In recent years, due to the expansion of computing power, the emergence of big data [8], and the development of artificial intelligence (AI) algorithms, learning-based methods such as neural networks [9, 10] and reinforcement learning (RL) [11] have promoted the second wave of AI. From AlphaGo [12] to AlphaGo Zero [13], AlphaZero [14], and AlphaStar [15], DRL has achieved a series of breakthroughs in a range of challenging domains. Among such methods, deep learning (DL) has been used to solve high-dimensional mapping problems, RL has been used to solve sequential decision-making problems, and DRL has been successfully applied to a series of robotics [16, 17], autonomous driving [18], real-time strategy (RTS) games [19], and optimization and scheduling [20] problems. A learning-based method, also known as the data-driven method, refers to feeding data to improve the prediction or decision-making performance of a model. Such method uses a neural network to learn or fit the complex and high-dimensional nonlinear relationship between input and output, so as to achieve the minimal mean square error or optimal prediction and decision results, and saves the mapping network parameters to realize offline training and online inferencing. It also has certain robustness and generalization for new input data, which is suitable for fast and dynamic mission planning. The comparison of the two methods is shown in Table 1.

Therefore, by taking a high-risk typical suppression of enemy air defense (SEAD) mission planning [21, 22] as an example, we propose an end-to-end UAV intelligent mission planning method based on DRL. First, the mission planning problem of SEAD operation is formalized, then the basic principles of a DRL algorithm are introduced, and a DRL-based intelligent planning model is established. Finally, the superiority and potential value of this method are analyzed and verified by simulation experiments.

2. SEAD Mission Planning Problem Formulation

A SEAD mission is an operational style of offensive counter-air (OCA) combat carried out by an air force. Its mission goal is to break through the enemy’s surface-to-air missile (SAM) threat and strike the enemy’s radar or target through a cooperative combat between attacking UAV, named fighter, and jamming UAV, named jammer. A schematic of a SEAD mission is presented in Figure 1.

In Figure 1, the mission is to use a fighter to safely destroy an enemy SAM. However, since the detection range of the enemy SAM is longer than the attack range of the fighter, the fighter faces the threat of being detected and attacked by the SAM. Therefore, a jammer is required to jam the SAM to reduce its detection range. Only then the fighter can take the opportunity to attack and destroy the SAM. Therefore, the jammer must jam at the right position and time, and the fighter must attack at the right position and time simultaneously. The two cooperate to complete the mission.

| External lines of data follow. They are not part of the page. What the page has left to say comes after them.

lemma est_vec_eq_masked_vec:
  assumes "X \<notin> Gram_dev" "j < m"
  shows "est_vec X j = masked_vec X j"
proof -
  interpret near_rank_one_gram h m "block X" "\<lambda>k. u (os + k)" v gram_tol
    by (rule block_near_rank_one[OF assms(1)])
  have "leading_rsv h m (block (\<lambda>x. if x \<in> Block then X x else False)) v (masked_vec X)
      = leading_rsv h m (block X) v (masked_vec X)"
    by (rule leading_rsv_cong) (simp add: block_def Block_def to_real_mat_def)
  hence "leading_rsv h m (block X) v (masked_vec X)"
    using sel unfolding masked_vec_def by simp
  thus ?thesis
    unfolding est_vec_def by (rule leading_rsv_unique[OF spectral_gap sel _ assms(2)])
qed

lemma est_vec_alignment:
  assumes "X \<notin> Gram_dev"
  defines "r \<equiv> vinner m v (est_vec X) / sqrt (sqnorm m v)"
  shows "0 \<le> 1 - r" "1 - r \<le> \<epsilon> / 2"
proof -
  interpret near_rank_one_gram h m "block X" "\<lambda>k. u (os + k)" v gram_tol
    by (rule block_near_rank_one[OF assms(1)])
  define U where "U = sqnorm h (\<lambda>k. u (os + k))"
  define V where "V = sqnorm m v"
  have lead: "unit_maximizer h m (block X) (est_vec X)" "0 \<le> vinner m v (est_vec X)"
    using sel by (simp_all add: est_vec_def leading_rsv_iff)
  have "0 < U" "0 < V" using sqnorm_block_u_pos sqnorm_v_pos by (simp_all add: U_def V_def)
  have r2: "r\<^sup>2 = (vinner m v (est_vec X))\<^sup>2 / V"
    using \<open>0 < V\<close> by (simp add: r_def V_def power_divide)
  have "r\<^sup>2 \<le> 1"
    using vinner_sq_le[of m v "est_vec X"] lead(1) \<open>0 < V\<close>
    by (simp add: r2 V_def unit_maximizer_def)
  moreover have "0 \<le> r" using lead(2) sqnorm_nonneg[of m v] by (simp add: r_def)
  ultimately show "0 \<le> 1 - r" by (simp add: power_le_one_iff abs_le_iff power2_le_iff_abs_le)
  have "U * V * (1 - \<epsilon> / 2) \<le> U * (vinner m v (est_vec X))\<^sup>2"
    using unit_maximizer_alignment[OF lead(1)] gram_tol_small by (simp add: U_def V_def algebra_simps)
  hence "V * (1 - \<epsilon> / 2) \<le> (vinner m v (est_vec X))\<^sup>2"
    using \<open>0 < U\<close> by (simp add: mult.assoc)
  hence "1 - \<epsilon> / 2 \<le> r\<^sup>2"
    using \<open>0 < V\<close> by (simp add: r2 le_divide_eq mult.commute)
  moreover have "1 - r \<le> 1 - r\<^sup>2" using \<open>0 \<le> r\<close> \<open>0 \<le> 1 - r\<close> by (simp add: power2_eq_square mult_left_le)
  ultimately show "1 - r \<le> \<epsilon> / 2" by linarith
qed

To summarize, mission planning is essentially a sequential decision-making problem. Under different space-time sequence states, a combat unit adopts the optimal decision-making sequence to transfer from the initial situation to the termination situation to achieve the mission objectives. Therefore, SEAD mission planning can be modeled as an end-to-end sequence optimization problem from the state (position and situation) to the decision (maneuver, attack, and jamming). The optimization goal is to solve an optimal state decision sequence to meet the needs of fighters and jammer to destroy an enemy SAM and ensure their own safety through tactical cooperation, as shown in Figure 2.

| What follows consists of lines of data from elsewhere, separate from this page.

lemma has_vector_derivative_fourier_sum:
  fixes b :: "'a \<Rightarrow> complex"
  assumes "countable (UNIV :: 'a set)" "infinite (UNIV :: 'a set)"
    and "(\<lambda>x. norm (b x) * \<bar>y x\<bar> ^ Suc n) summable_on UNIV"
    and "(\<lambda>x. norm (b x) * \<bar>y x\<bar> ^ n) summable_on UNIV"
  shows "(fourier_sum b y n has_vector_derivative fourier_sum b y (Suc n) t) (at t)"
proof -
  let ?e = "from_nat_into (UNIV :: 'a set)"
  have comp: "fourier_term (b \<circ> ?e) (y \<circ> ?e) k m t = fourier_term b y k (?e m) t" for k m t
    by (simp add: fourier_term_def)
  have reindex: "fourier_sum b y k t = (\<Sum>m. fourier_term (b \<circ> ?e) (y \<circ> ?e) k m t)"
    and summable: "summable (\<lambda>m. norm ((b \<circ> ?e) m) * \<bar>(y \<circ> ?e) m\<bar> ^ k)"
    if "(\<lambda>x. norm (b x) * \<bar>y x\<bar> ^ k) summable_on UNIV" for k t
  proof -
    have "(\<lambda>x. norm (fourier_term b y k x t)) summable_on UNIV"
      using that by (simp add: norm_fourier_term)
    from infsum_eq_suminf_from_nat_into[OF assms(1,2) this]
    show "fourier_sum b y k t = (\<Sum>m. fourier_term (b \<circ> ?e) (y \<circ> ?e) k m t)"
      and "summable (\<lambda>m. norm ((b \<circ> ?e) m) * \<bar>(y \<circ> ?e) m\<bar> ^ k)"
      by (simp_all add: fourier_sum_def comp norm_fourier_term)
  qed
  have "fourier_sum b y n = (\<lambda>t. \<Sum>m. fourier_term (b \<circ> ?e) (y \<circ> ?e) n m t)"
    using reindex[OF assms(4)] by (intro ext)
  then show ?thesis
    unfolding reindex[OF assms(3)]
    by (simp only: has_vector_derivative_fourier_series[OF summable[OF assms(3)] summable[OF assms(4)]])
qed

lemma norm_fourier_sum_le:
  assumes "(\<lambda>x. norm (b x) * \<bar>y x\<bar> ^ n) summable_on UNIV"
  shows "norm (fourier_sum b y n t) \<le> (\<Sum>\<^sub>\<infinity>x. norm (b x) * \<bar>y x\<bar> ^ n)"
  using norm_infsum_bound[of "\<lambda>x. fourier_term b y n x t" UNIV] assms
  by (simp add: fourier_sum_def norm_fourier_term)

section \<open>Lattice Fourier transforms along coordinate axes\<close>

definition axial :: "(real ^ 'd \<Rightarrow> 'a) \<Rightarrow> 'd \<Rightarrow> real ^ 'd \<Rightarrow> real \<Rightarrow> 'a" where
  "axial F j k t = F (k + t *\<^sub>R axis j 1)"

lemma partial_dir_eq_nvderiv_axial: "partial_dir m j F k = nvderiv m (axial F j k)"
  by (simp add: partial_dir_def axial_def[abs_def])

lemma nvderiv_axial_shift:
  "nvderiv i (axial F j k) s = nvderiv i (axial F j (k + s *\<^sub>R axis j 1)) 0"
proof -
  have "(\<lambda>t. axial F j k (t + s)) = axial F j (k + s *\<^sub>R axis j 1)"
    by (simp add: axial_def fun_eq_iff algebra_simps scaleR_add_left)
  then show ?thesis
    using fun_cong[OF nvderiv_shift_arg[of i "axial F j k" s], of 0] by simp
qed

definition reflect :: "'d \<Rightarrow> 'a::uminus ^ 'd \<Rightarrow> 'a ^ 'd" where
  "reflect j v = (\<chi> i. if i = j then - v $ i else v $ i)"

lemma reflect_reflect [simp]: "reflect j (reflect j (v :: 'a::group_add ^ 'd)) = v"
  by (simp add: reflect_def vec_eq_iff)

lemma axial_even_if_reflect_invariant:
  assumes "\<And>k. f (reflect j k) = f k" and "k $ j = 0"
  shows "axial f j k (- t) = axial f j k t"
proof -
  have "reflect j (k + t *\<^sub>R axis j 1) = k + (- t) *\<^sub>R axis j 1"
    using assms(2) by (simp add: reflect_def vec_eq_iff axis_def)
  then show ?thesis using assms(1)[of "k + t *\<^sub>R axis j 1"] by (simp add: axial_def)
qed

lemma norm_nvderiv_axial_1_le:
  fixes f :: "real ^ 'd \<Rightarrow> complex"
  assumes even: "\<And>k. f (reflect j k) = f k"
    and diff: "\<And>k. differentiable_upto 2 (axial f j k) UNIV"
    and bound: "\<And>k. norm (nvderiv 2 (axial f j k) 0) \<le> C"
  shows "norm (nvderiv 1 (axial f j k) 0) \<le> C * norm k"
proof -
  let ?g = "nvderiv 1 (axial f j k)"
  have "(?g has_vector_derivative nvderiv 2 (axial f j k) s) (at s)" for s
    using has_vector_derivative_nvderiv[OF diff, of 1 s] by (simp add: numeral_2_eq_2)
  moreover have "norm (nvderiv 2 (axial f j k) s) \<le> C" for s
    using bound nvderiv_axial_shift by metis
  ultimately have "norm (?g 0 - ?g (- k $ j)) \<le> C * \<bar>0 - - k $ j\<bar>"
    by (rule norm_diff_le_by_vector_derivative)
  moreover have "?g (- k $ j) = 0"
  proof -
    define k0 where "k0 = k + (- k $ j) *\<^sub>R axis j 1"
    have "k0 $ j = 0" by (simp add: k0_def axis_def)
    have "axial f j k0 differentiable at 0"
      using diff[of k0] unfolding differentiable_upto_def by (metis nvderiv.simps(1) zero_less_numeral UNIV_I)
    then have "vector_derivative (axial f j k0) (at 0) = 0"
      using axial_even_if_reflect_invariant[where f=f, OF even \<open>k0 $ j = 0\<close>]
      by (intro vector_derivative_even_at_0)
    then show ?thesis using nvderiv_axial_shift[of 1 f j k "- k $ j"] by (simp add: k0_def)
  qed
  moreover have "C \<ge> 0" using bound[of k] norm_ge_zero order_trans by blast
  then have "C * \<bar>k $ j\<bar> \<le> C * norm k"
    by (intro mult_left_mono component_le_norm_cart)
  ultimately show ?thesis by simp
qed

lemma lat_nth [simp]: "lat x $ i = real_of_int (x $ i)"
  by (simp add: lat_def)

lemma norm_lat_ge_1: "x \<noteq> 0 \<Longrightarrow> 1 \<le> norm (lat x)"
proof -
  assume "x \<noteq> 0"
  then obtain i where "x $ i \<noteq> 0" by (auto simp: vec_eq_iff)
  then have "1 \<le> \<bar>lat x $ i\<bar>" by simp
  also have "\<dots> \<le> norm (lat x)" by (rule component_le_norm_cart)
  finally show ?thesis .
qed

lemma infinite_UNIV_int_vec: "infinite (UNIV :: (int ^ 'd) set)"
proof
  assume "finite (UNIV :: (int ^ 'd) set)"
  moreover have "inj (vec :: int \<Rightarrow> int ^ 'd)" by (rule injI) (simp add: vec_eq_iff)
  ultimately have "finite (UNIV :: int set)"
    using finite_imageD finite_subset subset_UNIV by metis
  then show False by simp
qed

lemma abs_summable_of_second_moment:
  assumes "(\<lambda>x. norm (lat x) ^ 2 * \<bar>P x\<bar>) summable_on UNIV"
  shows "(\<lambda>x. \<bar>P x\<bar>) summable_on UNIV"
proof -
  have "(\<lambda>x. if x = 0 then \<bar>P 0\<bar> else 0) summable_on {0}"
    by (rule summable_on_finite) simp
  then have "(\<lambda>x. if x = 0 then \<bar>P 0\<bar> else 0) summable_on UNIV"
    by (rule summable_on_cong_neutral[THEN iffD1, rotated -1]) auto
  from summable_on_add[OF this assms] show ?thesis
  proof (rule summable_on_comparison_test)
    fix x :: "int ^ 'a"
    show "\<bar>P x\<bar> \<le> (if x = 0 then \<bar>P 0\<bar> else 0) + norm (lat x) ^ 2 * \<bar>P x\<bar>"
    proof (cases "x = 0")
      case False
      then have "1 * \<bar>P x\<bar> \<le> norm (lat x) ^ 2 * \<bar>P x\<bar>"
        using norm_lat_ge_1 by (intro mult_right_mono one_le_power) auto
      then show ?thesis using False by simp
    qed simp
  qed simp
qed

3. Deep Reinforcement Learning

3.1. Principles of Reinforcement Learning

RL is a machine learning approach for teaching agents how to solve tasks by trial and error. The main characters of RL are the agent [23] and the environment. The agent perceives an initial state of the environment and then decides on an action to take. The environment changes when the agent acts on it and gives the agent an instant reward signal, while the agent transfers to the next state and continues to choose new actions until reaching a termination state. The goal of the agent is to maximize the sum of rewards in the entire decision-making process, i.e., to find the optimal policy. Therefore, RL is a decision optimization method. The reinforcement learning framework is shown in Figure 3.

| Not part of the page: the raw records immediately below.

(* Let $n\ge 1$. (i) Let $p_0 > 1$ be such that $U(n,p_0) = 1$ (i.e. the identity matrix is optimal at $p_0$). Then for every $1 \le p < p_0$ we have $U(n,p)=1$, and every $n\times n$ real matrix $A$ whose rows are $\ell_p$-unit vectors and with $\mathrm{per}(A)=1$ has each row equal to $\pm$ a standard basis vector. (ii) Let $1\le p_0<\infty$ be such that $U(n,p_0) = n!/n^{n/p_0}$ (i.e. the matrix all of whose entries equal $n^{-1/p_0}$ is optimal at $p_0$). Then for every $p_0 < p < \infty$ we have $U(n,p) = n!/n^{n/p}$, and every $n\times n$ real matrix $A$ whose rows are $\ell_p$-unit vectors and with $\mathrm{per}(A) = n!/n^{n/p}$ has all entries of absolute value $n^{-1/p}$.
   Context: For $n\ge 1$ and $1 \le p \le \infty$, $U(n,p)$ denotes the maximum of $\mathrm{per}(A)=\sum_{\sigma\in S_n}\prod_{i=1}^n a_{i\sigma(i)}$ over all real $n\times n$ matrices $A$ each of whose rows has $\ell_p$-norm equal to $1$. *)

theory Defs
  imports "HOL-Analysis.Analysis" "HOL-Library.Extended_Real" "HOL-Combinatorics.Permutations"
begin

text \<open>Rows/vectors of length n are functions nat => real, only indices < n matter.
  The exponent p ranges over [1, infinity], modelled as an extended real.\<close>

definition lpnorm :: "ereal \<Rightarrow> nat \<Rightarrow> (nat \<Rightarrow> real) \<Rightarrow> real" where
  "lpnorm p n x =
     (if p = \<infinity> then Max ((\<lambda>i. \<bar>x i\<bar>) ` {..<n})
      else (\<Sum>i<n. \<bar>x i\<bar> powr real_of_ereal p) powr (1 / real_of_ereal p))"

definition per :: "nat \<Rightarrow> (nat \<Rightarrow> nat \<Rightarrow> real) \<Rightarrow> real" where
  "per n A = (\<Sum>\<sigma> | \<sigma> permutes {..<n}. \<Prod>i<n. A i (\<sigma> i))"

definition U :: "nat \<Rightarrow> ereal \<Rightarrow> real" where
  "U n p = Sup {per n A | A. \<forall>i<n. lpnorm p n (A i) = 1}"

end

theory Submission
  imports Defs
begin

(* Rescaling the rows of A to unit l_q-norm gives per A <= U(n,q) * prod_i |A_i|_q, so U(n,p) is
   controlled by U(n,q) and by the extreme values of |x|_q on the unit sphere of l_p.  For q > p
   one has |x|_q <= 1, with equality only at signed standard basis vectors; for q < p the power
   mean inequality gives |x|_q <= n^(1/q - 1/p), with equality only when every |x_k| is n^(-1/p).
   The identity and the constant matrix attain these bounds, and any matrix attaining them must
   have all its rows extremal. *)

lemma powr_gt_tangent:
  fixes r m y :: real
  assumes r: "r > 1" and m: "m > 0" and y: "y \<ge> 0" and "y \<noteq> m"
  shows "y powr r > m powr r + r * m powr (r - 1) * (y - m)"
proof -
  have cont: "continuous_on {a..b} (\<lambda>x. x powr r)" if "0 \<le> a" for a b
    using that r by (intro continuous_on_powr') auto
  have deriv: "DERIV (\<lambda>x. x powr r) x :> l \<longleftrightarrow> l = r * x powr (r - 1)" if "x > 0" for x l
    using DERIV_unique has_real_derivative_powr[OF that] by blast
  have diff: "(\<lambda>x. x powr r) differentiable (at x)" if "x > 0" for x
    using deriv[OF that] real_differentiable_def by blast
  show ?thesis
  proof (cases "y < m")
    case True
    obtain l z where z: "y < z" "z < m" "DERIV (\<lambda>x. x powr r) z :> l"
      "m powr r - y powr r = (m - y) * l"
      using MVT[OF True cont[OF y]] diff y by force
    have "l = r * z powr (r - 1)"
      using deriv z y by auto
    have "z powr (r - 1) < m powr (r - 1)"
      using powr_less_mono2[of "r - 1" z m] r z y by auto
    then have "m powr r - y powr r < (m - y) * (r * m powr (r - 1))"
      using z \<open>l = _\<close> True r by (simp add: mult_strict_left_mono)
    then show ?thesis by (simp add: algebra_simps)
  next
    case False
    with \<open>y \<noteq> m\<close> have "m < y" by auto
    obtain l z where z: "m < z" "z < y" "DERIV (\<lambda>x. x powr r) z :> l"
      "y powr r - m powr r = (y - m) * l"
      using MVT[OF \<open>m < y\<close> cont[of m y]] diff m by force
    have "l = r * z powr (r - 1)"
      using deriv z m by auto
    have "m powr (r - 1) < z powr (r - 1)"
      using powr_less_mono2[of "r - 1" m z] r z m by auto
    then have "(y - m) * (r * m powr (r - 1)) < y powr r - m powr r"
      using z \<open>l = _\<close> \<open>m < y\<close> r by (simp add: mult_strict_left_mono)
    then show ?thesis by (simp add: algebra_simps)
  qed
qed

RL is usually modeled as a finite Markov decision process, which is represented by five tuples , in which S is a finite state set, A is a finite action set, R is a reward function, P is a state transition function, and γ is a discount factor, which is used to calculate the long-term discount rewards. Assuming that the state of the agent at time t is to take action according to policy , the environment will feed back an instant reward to the agent, and the agent will transfer to a new state . Tabular reinforcement learning evaluates the state-action value through a discrete Q table, but for continuous and high-dimensional problems, it encounters the “curse of dimensionality” problem, which spurred the development of DRL [2326].

3.2. Deep Reinforcement Learning

DRL refers to the combination of RL with DL. DRL uses a neural network to approximate policy and value functions to solve the high-dimensional mapping problem. The goal of the agent is to find the parameterized policy with the maximum expected return , which refers to the discounted cumulative rewards on the trajectory . θ is a policy parameter. The optimal policy is as follows:

A DRL algorithm is divided into three learning paradigms: value-based, policy gradient, and actor-critic. The actor-critic reinforcement learning algorithm integrates the value function and policy gradient, and uses the value function error to guide the policy gradient update to accelerate the learning speed. The policy is updated through the gradient of expected return, which can be written as follows:where is an actor and a critic, and can also take other forms, such as a state-action value function , advantage function , or temporal difference (TD) residual . When the critic takes the TD residual and the value function is approximated by the neural network with parameter ω, the derivative of equation (2) is obtained, the critic is updated according to equations (3) and (4), and the actor is updated according to equation (5).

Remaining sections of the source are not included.